South Korea’s top universities have been hell bent on expanding classes that are conducted all in English in recent years amid ever-increasing competition to globalize both their students and professors. At the forefront of this movement is the Korea Advanced Institute of Science and Technology (KAIST).
It’s true that English lectures at universities started so students could develop their English skills and advance them to an international level. But how effective are such classes?
The controversy was reignited after students and professors at KAIST pointed out the ineffectiveness and impracticality of teaching various subjects in English, followed by the five recent suicides and mounting criticism of the school’s president Suh Nam-pyo and his hardcore policies.
“Teaching English lectures is downright crazy,” said Prof. Choi Gwang-mu from the department of computer science at KAIST.
There are plenty of arguments on both sides of the discussion here, but the reality is that learners do not perform as well when taking classes in their second language, particularly at lower proficiency levels. It is silly to insist on lectures in English for all courses.
I’m all for particular programs that require English lectures, particularly in business. However, these should be done for a reason. In business, it is an absolute requirement to not only read English, but communicate and participate in English. Top-level business programs should be in English or, at least, have significant portions of their courses in English.

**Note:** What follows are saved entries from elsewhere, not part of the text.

(* Let $\Gamma>0$, $\lambda>0$, $a>0$ and $C$ be real numbers with $0\le C<2a\lambda^2$. Let $f\in L^1(\mathbb{R})$ satisfy $|f(\xi)|\le Ce^{-a|\xi|}$ for all $|\xi|\le\sqrt2\lambda$, and let $v\in L^1(\mathbb{R})$ satisfy $|v(\xi)|\le\Gamma e^{-a|\xi|}$ for all $\xi\in\mathbb{R}$. Then for all $\xi\in\mathbb{R}$, $$|R[f](\xi)|\le e^{-a|\xi|}\left(\frac{C^2}{\lambda^2}\cdot\frac{1+a|\xi|}{a}\left(\frac18+\frac1{2\pi}\exp\!\left(\frac{C}{4\pi\lambda^2a}\right)\exp\!\left(\frac{C}{4\pi\lambda^2}|\xi|\right)\right)+\Gamma\right).$$
   Context: Fix an infinitely differentiable $b:\mathbb{R}\to[0,1]$ with $b(\xi)=1$ for $|\xi|\le\lambda$ and $b(\xi)=0$ for $|\xi|\ge\sqrt2\lambda$. Convolution is normalized: $f*g(\xi)=\frac1{2\pi}\int f(\eta)g(\xi-\eta)\,d\eta$; $f^{*m}$ is the $m$-fold convolution. For $f\in L^1$: $W_b[f](\xi)=f(\xi)\frac{b(\xi)}{4\lambda^2-\xi^2}$, $\widetilde W_b[f](\xi)=f(\xi)\frac{i\xi\,b(\xi)}{4\lambda^2-\xi^2}$, $\exp_2^*[f]=\sum_{m\ge2}\frac{f^{*m}}{m!}$, and $R[f]=\frac14\widetilde W_b[f]*\widetilde W_b[f]-4\lambda^2\exp_2^*[W_b[f]]+v$. *)

theory Defs
  imports "HOL-Analysis.Analysis"
begin

definition smooth_real :: "(real \<Rightarrow> real) \<Rightarrow> bool" where
  "smooth_real g \<longleftrightarrow> (\<forall>k. \<forall>x. ((deriv ^^ k) g) differentiable (at x))"

definition nconv :: "(real \<Rightarrow> complex) \<Rightarrow> (real \<Rightarrow> complex) \<Rightarrow> real \<Rightarrow> complex" where
  "nconv f g \<xi> = complex_of_real (1 / (2 * pi)) * (LINT \<eta>|lborel. f \<eta> * g (\<xi> - \<eta>))"

text \<open>m-fold convolution power (meaningful for m >= 1; the 0 case is unused).\<close>
fun conv_power :: "(real \<Rightarrow> complex) \<Rightarrow> nat \<Rightarrow> real \<Rightarrow> complex" where
  "conv_power f 0 = (\<lambda>_. 0)"
| "conv_power f (Suc 0) = f"
| "conv_power f (Suc (Suc n)) = nconv f (conv_power f (Suc n))"

definition W_b :: "(real \<Rightarrow> real) \<Rightarrow> real \<Rightarrow> (real \<Rightarrow> complex) \<Rightarrow> real \<Rightarrow> complex" where
  "W_b b lam f \<xi> = f \<xi> * complex_of_real (b \<xi> / (4 * lam\<^sup>2 - \<xi>\<^sup>2))"

definition W_b_tilde :: "(real \<Rightarrow> real) \<Rightarrow> real \<Rightarrow> (real \<Rightarrow> complex) \<Rightarrow> real \<Rightarrow> complex" where
  "W_b_tilde b lam f \<xi> = f \<xi> * (\<i> * complex_of_real (\<xi> * b \<xi> / (4 * lam\<^sup>2 - \<xi>\<^sup>2)))"

definition exp2_star :: "(real \<Rightarrow> complex) \<Rightarrow> real \<Rightarrow> complex" where
  "exp2_star f \<xi> = (\<Sum>n. conv_power f (n + 2) \<xi> / of_nat (fact (n + 2)))"

definition R_op :: "(real \<Rightarrow> real) \<Rightarrow> real \<Rightarrow> (real \<Rightarrow> complex) \<Rightarrow> (real \<Rightarrow> complex) \<Rightarrow> real \<Rightarrow> complex" where
  "R_op b lam v f \<xi> =
     (1/4) * nconv (W_b_tilde b lam f) (W_b_tilde b lam f) \<xi>
     - complex_of_real (4 * lam\<^sup>2) * exp2_star (W_b b lam f) \<xi> + v \<xi>"

end

theory Submission
  imports Defs "HOL-Real_Asymp.Real_Asymp"
begin

(* Write g = W_b[f] and g~ = W~_b[f].  Since b vanishes for |xi| >= sqrt 2 lam
   and 4 lam^2 - xi^2 > 2 lam^2 below that threshold, both are dominated by exponentials:
   |g| <= K e^{-a|xi|} with K = C/(2 lam^2) and |g~| <= K~ e^{-a|xi|} with K~ = C/(sqrt 2 lam).
   Convolving e^{-a|.|} with e^{-a|.|} phi_n(|.|), where phi_n is the polynomial weight
   phi_n(y) = sum_{k<n} a^{-(n-1-k)} y^k/k!, produces e^{-a|xi|} (phi_{n+1} + phi_n/a),
   which is at most 2 e^{-a|xi|} phi_{n+1}.  By induction the m-fold convolution power of g
   is bounded by K (K/pi)^{m-1} e^{-a|xi|} phi_m(|xi|).  Summing these bounds against 1/m!
   (a Cauchy-product estimate, using K/(pi a) < 1/3, which is where C < 2 a lam^2 enters)
   controls exp_2^*[g]; the case n = 1 controls g~ * g~, and v is bounded by hypothesis. *)

text \<open>With c = 1/a they measure how iterated convolution of
  exp(-a|xi|) with itself degrades the exponential decay.\<close>
fun conv_weight :: "real \<Rightarrow> nat \<Rightarrow> real \<Rightarrow> real" where
  "conv_weight c 0 y = 0"
| "conv_weight c (Suc n) y = c * conv_weight c n y + y ^ n / fact n"

lemma conv_weight_deriv: "(conv_weight c (Suc n) has_real_derivative conv_weight c n y) (at y)"
proof (induction n arbitrary: y)
  case 0
  show ?case by (auto intro!: derivative_eq_intros)
next
  case (Suc n)
  have "((\<lambda>y. y ^ Suc n / fact (Suc n)) has_real_derivative (of_nat (Suc n) * y ^ n) / fact (Suc n)) (at y)"
    using DERIV_cdivide[OF DERIV_pow[of "Suc n" y UNIV], of "fact (Suc n)"] by simp
  from DERIV_add[OF DERIV_cmult[OF Suc.IH] this]
  have "((\<lambda>y. c * conv_weight c (Suc n) y + y ^ Suc n / fact (Suc n)) has_real_derivative
        c * conv_weight c n y + (of_nat (Suc n) * y ^ n) / fact (Suc n)) (at y)" .
  moreover have "(of_nat (Suc n) * y ^ n) / fact (Suc n) = y ^ n / (fact n :: real)"
    by (simp add: fact_Suc del: of_nat_Suc)
  ultimately show ?case by simp
qed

With this said, if courses are to be taught in English, for goodness sakes, offer support materials in Korean: class/lecture notes, study guides, readings, and so forth. And, how about this, maybe you should train your lecturers to with with language learners. Many professors in these universities did their graduate work in English-speaking countries and, while they may not want to, certainly can conduct classes in English. However, most have no clue what is necessary when working with these same students in that second language. The straight up PPT lecture won’t cut it. Interaction, questioning, and ongoing assessment are all necessary lecture skills, in combination with a focus on scaffolding both the content and the language for learners. If you’re not going to do this, don’t both offering lectures in English.